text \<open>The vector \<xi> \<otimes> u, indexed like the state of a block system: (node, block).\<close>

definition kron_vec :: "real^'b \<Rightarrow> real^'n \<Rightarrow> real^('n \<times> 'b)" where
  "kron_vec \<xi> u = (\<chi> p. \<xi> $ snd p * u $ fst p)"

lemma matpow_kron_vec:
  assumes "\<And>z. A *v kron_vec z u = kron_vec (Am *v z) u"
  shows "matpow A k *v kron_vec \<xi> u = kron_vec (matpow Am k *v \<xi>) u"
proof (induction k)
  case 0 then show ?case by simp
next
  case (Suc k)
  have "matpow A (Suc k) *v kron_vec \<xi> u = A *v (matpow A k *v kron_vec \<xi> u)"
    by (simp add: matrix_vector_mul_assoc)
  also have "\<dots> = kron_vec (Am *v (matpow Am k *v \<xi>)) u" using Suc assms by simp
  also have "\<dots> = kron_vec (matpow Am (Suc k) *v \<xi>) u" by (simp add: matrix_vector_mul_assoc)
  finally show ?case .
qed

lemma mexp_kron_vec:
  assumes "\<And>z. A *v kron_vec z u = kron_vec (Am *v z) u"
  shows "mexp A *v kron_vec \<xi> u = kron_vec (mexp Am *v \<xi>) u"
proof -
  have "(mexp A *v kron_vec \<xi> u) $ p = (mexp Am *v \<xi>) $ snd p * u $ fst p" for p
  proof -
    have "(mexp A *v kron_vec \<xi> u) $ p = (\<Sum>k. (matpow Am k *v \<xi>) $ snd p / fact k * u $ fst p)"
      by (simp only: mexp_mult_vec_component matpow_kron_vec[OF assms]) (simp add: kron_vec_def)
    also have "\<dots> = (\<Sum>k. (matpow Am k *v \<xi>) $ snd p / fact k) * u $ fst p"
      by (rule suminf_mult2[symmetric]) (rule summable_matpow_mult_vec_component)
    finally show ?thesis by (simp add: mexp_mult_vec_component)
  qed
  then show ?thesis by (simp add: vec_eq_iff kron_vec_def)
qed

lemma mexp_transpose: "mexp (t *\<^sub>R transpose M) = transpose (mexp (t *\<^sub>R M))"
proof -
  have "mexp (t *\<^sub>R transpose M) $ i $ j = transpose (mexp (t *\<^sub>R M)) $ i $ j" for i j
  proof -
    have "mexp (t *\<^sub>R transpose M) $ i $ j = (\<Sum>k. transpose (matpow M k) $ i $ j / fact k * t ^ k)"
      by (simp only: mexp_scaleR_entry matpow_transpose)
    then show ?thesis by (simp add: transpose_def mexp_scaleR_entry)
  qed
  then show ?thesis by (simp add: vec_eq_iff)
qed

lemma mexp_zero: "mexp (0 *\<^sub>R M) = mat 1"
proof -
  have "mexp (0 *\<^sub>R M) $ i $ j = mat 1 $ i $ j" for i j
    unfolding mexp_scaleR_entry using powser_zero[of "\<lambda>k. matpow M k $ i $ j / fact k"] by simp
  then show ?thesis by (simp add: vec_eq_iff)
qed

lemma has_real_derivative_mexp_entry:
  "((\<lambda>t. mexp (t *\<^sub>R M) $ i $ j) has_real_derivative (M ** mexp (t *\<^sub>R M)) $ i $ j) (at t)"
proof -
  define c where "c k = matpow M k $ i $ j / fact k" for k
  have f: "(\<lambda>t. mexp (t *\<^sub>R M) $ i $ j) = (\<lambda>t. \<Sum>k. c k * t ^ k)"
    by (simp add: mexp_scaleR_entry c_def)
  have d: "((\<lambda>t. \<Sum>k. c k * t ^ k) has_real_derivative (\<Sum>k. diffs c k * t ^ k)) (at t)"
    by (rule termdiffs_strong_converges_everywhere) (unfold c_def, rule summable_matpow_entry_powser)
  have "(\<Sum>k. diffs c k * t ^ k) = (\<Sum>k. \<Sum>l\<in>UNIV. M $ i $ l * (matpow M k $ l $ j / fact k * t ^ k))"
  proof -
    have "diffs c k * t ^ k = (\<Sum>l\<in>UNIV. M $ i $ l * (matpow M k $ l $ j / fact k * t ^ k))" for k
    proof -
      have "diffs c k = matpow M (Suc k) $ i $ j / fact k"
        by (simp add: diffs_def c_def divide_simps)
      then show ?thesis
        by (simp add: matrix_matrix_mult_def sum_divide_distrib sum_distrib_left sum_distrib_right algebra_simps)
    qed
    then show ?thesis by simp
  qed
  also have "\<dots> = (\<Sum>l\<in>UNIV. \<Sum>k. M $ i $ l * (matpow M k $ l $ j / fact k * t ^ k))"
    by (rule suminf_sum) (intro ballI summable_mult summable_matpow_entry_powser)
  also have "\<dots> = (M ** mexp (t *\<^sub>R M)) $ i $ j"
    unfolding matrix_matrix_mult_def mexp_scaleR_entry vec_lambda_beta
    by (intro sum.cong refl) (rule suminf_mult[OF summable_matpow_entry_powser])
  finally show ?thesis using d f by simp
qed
━━━━━━
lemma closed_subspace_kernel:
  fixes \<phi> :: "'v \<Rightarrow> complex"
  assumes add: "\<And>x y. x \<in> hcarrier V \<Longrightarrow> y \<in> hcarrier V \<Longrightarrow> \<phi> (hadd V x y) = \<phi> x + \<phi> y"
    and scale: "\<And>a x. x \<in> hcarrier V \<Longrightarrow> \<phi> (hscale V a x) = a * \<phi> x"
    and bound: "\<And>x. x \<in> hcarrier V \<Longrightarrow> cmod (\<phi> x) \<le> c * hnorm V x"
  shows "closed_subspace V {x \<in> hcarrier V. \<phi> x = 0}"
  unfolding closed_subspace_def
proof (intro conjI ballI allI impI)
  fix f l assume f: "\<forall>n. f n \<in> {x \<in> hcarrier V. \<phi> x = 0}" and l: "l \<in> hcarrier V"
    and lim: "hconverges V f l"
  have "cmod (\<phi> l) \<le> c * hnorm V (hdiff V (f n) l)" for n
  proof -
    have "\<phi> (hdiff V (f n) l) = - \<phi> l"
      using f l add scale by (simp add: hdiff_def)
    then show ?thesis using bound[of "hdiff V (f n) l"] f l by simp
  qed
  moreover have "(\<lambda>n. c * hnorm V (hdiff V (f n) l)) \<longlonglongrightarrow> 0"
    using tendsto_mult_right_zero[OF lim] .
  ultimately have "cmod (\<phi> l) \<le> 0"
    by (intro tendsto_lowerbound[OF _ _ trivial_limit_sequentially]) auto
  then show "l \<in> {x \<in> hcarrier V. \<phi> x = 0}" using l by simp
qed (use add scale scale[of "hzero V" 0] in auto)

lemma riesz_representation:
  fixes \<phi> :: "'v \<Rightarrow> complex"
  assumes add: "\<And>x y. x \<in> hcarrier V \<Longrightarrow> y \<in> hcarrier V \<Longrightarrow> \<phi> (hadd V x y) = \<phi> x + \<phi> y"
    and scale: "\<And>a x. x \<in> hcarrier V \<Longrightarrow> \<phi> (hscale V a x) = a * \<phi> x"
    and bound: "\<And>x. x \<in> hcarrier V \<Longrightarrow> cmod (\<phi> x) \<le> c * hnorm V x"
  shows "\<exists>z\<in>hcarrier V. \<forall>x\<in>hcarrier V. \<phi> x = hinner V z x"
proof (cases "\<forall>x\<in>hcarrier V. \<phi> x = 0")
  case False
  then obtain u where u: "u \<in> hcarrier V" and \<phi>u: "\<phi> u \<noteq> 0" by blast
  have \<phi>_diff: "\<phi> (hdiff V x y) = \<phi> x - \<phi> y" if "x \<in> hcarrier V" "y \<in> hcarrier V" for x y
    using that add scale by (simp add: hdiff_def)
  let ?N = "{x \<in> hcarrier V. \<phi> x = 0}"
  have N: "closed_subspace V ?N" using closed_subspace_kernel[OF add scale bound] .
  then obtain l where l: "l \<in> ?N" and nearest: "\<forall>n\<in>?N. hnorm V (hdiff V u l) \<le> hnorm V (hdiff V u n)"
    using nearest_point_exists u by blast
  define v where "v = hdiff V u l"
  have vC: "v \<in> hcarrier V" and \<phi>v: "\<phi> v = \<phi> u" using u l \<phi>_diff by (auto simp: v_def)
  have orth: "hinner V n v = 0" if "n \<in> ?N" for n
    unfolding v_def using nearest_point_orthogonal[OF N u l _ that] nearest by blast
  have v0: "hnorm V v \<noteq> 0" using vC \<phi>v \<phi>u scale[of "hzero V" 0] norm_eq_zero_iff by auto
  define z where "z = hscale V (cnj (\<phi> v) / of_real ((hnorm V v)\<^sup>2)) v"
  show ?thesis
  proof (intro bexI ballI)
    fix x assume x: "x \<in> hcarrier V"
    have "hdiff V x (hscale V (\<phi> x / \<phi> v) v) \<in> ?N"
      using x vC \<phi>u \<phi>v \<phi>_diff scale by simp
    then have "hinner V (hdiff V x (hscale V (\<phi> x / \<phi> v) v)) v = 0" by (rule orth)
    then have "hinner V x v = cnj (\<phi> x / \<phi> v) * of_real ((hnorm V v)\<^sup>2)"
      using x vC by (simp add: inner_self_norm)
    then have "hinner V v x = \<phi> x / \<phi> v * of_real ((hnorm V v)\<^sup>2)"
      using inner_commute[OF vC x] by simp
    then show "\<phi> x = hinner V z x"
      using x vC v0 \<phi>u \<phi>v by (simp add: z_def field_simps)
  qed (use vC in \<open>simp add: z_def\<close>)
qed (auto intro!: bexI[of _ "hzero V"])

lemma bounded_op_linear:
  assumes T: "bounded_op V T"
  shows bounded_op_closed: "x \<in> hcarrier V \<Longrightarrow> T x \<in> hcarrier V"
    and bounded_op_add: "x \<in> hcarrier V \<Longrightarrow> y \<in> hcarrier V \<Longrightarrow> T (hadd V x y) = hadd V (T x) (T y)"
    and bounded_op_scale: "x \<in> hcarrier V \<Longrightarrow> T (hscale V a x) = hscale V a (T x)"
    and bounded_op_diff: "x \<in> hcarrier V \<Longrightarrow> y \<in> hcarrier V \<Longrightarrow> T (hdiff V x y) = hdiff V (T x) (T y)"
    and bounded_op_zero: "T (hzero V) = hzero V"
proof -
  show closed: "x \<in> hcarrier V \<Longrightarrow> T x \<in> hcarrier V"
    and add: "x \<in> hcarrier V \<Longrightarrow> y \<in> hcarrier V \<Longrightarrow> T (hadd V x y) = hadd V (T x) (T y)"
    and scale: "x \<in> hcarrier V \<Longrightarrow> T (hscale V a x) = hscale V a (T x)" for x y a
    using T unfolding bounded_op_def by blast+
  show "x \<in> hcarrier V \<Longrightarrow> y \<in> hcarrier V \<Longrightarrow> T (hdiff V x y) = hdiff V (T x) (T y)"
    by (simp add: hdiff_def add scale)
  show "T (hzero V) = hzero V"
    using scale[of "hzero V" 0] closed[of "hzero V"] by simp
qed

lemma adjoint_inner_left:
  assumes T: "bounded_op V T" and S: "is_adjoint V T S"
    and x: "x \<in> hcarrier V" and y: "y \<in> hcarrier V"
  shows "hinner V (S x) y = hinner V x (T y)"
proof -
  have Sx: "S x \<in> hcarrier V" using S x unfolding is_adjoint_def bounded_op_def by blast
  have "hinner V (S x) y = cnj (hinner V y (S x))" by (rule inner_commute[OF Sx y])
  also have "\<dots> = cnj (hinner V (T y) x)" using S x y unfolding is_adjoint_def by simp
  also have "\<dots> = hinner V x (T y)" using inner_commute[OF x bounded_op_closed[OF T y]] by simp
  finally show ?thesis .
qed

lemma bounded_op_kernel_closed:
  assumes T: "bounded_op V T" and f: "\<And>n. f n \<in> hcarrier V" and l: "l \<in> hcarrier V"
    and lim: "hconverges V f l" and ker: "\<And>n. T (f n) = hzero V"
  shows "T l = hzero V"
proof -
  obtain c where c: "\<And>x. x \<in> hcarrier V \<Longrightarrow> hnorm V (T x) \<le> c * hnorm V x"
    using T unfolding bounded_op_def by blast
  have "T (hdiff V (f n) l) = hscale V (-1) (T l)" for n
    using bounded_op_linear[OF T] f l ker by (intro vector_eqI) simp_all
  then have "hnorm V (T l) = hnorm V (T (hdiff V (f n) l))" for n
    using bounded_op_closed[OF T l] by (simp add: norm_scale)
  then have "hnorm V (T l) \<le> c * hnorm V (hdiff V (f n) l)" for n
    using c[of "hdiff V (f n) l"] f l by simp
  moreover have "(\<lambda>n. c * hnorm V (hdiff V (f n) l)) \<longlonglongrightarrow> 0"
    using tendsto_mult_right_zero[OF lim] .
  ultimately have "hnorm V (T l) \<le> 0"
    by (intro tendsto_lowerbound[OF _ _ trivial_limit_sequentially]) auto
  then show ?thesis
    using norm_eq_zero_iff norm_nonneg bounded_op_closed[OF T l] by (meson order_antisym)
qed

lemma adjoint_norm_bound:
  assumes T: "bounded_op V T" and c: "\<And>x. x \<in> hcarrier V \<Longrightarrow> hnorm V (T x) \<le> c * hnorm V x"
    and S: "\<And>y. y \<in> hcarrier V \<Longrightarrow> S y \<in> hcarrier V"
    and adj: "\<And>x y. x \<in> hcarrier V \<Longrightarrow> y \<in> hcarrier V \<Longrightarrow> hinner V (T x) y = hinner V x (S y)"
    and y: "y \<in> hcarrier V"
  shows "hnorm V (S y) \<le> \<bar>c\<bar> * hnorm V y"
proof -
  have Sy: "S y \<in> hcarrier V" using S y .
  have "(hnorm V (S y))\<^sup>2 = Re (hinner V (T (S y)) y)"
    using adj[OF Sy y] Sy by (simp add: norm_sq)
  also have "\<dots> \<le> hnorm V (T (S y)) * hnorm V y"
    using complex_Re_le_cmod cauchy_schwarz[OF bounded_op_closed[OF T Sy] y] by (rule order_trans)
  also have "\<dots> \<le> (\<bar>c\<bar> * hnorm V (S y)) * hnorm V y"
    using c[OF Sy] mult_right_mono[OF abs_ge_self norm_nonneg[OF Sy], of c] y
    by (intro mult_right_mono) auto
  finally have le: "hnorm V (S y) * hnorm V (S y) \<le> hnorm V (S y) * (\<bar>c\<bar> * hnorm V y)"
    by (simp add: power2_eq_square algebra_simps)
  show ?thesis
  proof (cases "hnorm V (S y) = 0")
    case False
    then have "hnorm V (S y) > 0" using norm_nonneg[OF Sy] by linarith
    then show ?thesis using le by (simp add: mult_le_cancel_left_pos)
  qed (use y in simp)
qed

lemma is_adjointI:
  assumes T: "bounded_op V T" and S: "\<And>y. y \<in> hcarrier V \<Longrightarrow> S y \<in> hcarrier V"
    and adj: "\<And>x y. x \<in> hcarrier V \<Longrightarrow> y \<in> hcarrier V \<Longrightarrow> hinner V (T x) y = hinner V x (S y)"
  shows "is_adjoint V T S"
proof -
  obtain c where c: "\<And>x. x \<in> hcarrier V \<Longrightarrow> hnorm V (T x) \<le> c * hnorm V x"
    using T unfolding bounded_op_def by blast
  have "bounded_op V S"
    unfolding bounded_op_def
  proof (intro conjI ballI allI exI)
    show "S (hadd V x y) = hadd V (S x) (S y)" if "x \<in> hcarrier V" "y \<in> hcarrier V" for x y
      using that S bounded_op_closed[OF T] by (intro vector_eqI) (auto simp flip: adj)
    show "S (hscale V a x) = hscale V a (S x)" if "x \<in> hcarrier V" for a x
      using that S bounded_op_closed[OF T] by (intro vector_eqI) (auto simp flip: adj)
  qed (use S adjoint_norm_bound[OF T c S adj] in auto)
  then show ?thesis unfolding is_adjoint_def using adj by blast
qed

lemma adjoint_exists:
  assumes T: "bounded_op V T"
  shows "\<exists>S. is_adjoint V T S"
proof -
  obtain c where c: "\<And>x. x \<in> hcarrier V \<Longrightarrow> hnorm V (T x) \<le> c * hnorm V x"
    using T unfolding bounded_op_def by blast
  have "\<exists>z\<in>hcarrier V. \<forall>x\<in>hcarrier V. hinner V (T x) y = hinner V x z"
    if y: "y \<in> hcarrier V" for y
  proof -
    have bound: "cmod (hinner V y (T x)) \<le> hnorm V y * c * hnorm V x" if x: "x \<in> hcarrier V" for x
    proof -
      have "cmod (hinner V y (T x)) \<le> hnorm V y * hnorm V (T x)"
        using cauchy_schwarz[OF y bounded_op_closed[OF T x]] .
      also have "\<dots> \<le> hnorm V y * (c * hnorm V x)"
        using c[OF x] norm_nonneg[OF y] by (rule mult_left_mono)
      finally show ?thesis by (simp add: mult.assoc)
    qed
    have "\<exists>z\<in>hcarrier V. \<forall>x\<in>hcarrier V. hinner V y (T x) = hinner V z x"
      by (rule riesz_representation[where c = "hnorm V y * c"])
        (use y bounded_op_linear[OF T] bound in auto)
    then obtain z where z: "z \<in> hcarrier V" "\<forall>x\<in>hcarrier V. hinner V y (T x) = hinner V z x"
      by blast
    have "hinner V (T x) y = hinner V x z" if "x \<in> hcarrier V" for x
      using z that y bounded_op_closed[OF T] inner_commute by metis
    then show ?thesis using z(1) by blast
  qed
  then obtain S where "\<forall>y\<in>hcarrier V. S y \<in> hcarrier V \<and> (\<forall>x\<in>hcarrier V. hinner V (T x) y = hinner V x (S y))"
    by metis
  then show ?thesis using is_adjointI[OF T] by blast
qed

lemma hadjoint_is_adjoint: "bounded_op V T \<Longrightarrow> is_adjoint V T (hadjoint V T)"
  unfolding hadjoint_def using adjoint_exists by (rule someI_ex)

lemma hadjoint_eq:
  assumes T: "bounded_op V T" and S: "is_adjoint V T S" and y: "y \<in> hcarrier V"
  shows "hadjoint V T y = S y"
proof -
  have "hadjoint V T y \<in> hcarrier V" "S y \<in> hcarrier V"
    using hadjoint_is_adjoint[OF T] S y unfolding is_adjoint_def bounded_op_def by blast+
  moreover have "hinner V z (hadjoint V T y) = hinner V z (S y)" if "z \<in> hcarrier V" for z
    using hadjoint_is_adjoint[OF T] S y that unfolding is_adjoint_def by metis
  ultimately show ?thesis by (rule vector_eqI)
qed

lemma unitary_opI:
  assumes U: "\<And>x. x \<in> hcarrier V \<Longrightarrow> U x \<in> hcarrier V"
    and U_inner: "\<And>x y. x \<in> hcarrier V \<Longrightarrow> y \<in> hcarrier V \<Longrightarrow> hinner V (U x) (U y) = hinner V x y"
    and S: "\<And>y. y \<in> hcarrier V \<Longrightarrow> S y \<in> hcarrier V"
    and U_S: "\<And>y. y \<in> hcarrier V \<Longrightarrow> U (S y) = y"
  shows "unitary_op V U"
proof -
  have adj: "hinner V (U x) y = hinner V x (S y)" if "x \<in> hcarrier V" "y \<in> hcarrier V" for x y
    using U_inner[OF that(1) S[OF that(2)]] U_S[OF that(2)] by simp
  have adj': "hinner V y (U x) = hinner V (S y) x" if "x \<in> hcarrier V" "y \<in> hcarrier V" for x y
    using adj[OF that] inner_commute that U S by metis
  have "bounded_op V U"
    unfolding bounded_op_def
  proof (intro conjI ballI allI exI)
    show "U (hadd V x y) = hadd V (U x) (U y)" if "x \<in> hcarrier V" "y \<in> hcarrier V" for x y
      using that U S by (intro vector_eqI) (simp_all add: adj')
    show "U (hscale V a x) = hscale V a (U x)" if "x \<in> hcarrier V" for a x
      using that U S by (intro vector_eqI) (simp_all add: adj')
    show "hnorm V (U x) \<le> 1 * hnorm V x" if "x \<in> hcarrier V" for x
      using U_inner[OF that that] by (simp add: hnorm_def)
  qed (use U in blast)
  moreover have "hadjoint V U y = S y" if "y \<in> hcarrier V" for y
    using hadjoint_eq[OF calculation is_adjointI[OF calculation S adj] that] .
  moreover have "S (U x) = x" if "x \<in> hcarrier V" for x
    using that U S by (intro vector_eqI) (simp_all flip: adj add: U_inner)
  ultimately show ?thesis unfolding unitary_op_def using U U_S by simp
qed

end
━━━━━━
Your assignment
Reproduce exactly the lines of the records above from the one with "text \<open>The vector" to the one with "case (Suc k)", both included, and leave out everything else.

Answer space
text \<open>The vector \<xi> \<otimes> u, indexed like the state of a block system: (node, block).\<close>

definition kron_vec :: "real^'b \<Rightarrow> real^'n \<Rightarrow> real^('n \<times> 'b)" where
  "kron_vec \<xi> u = (\<chi> p. \<xi> $ snd p * u $ fst p)"

lemma matpow_kron_vec:
  assumes "\<And>z. A *v kron_vec z u = kron_vec (Am *v z) u"
  shows "matpow A k *v kron_vec \<xi> u = kron_vec (matpow Am k *v \<xi>) u"
proof (induction k)
  case 0 then show ?case by simp
next
  case (Suc k)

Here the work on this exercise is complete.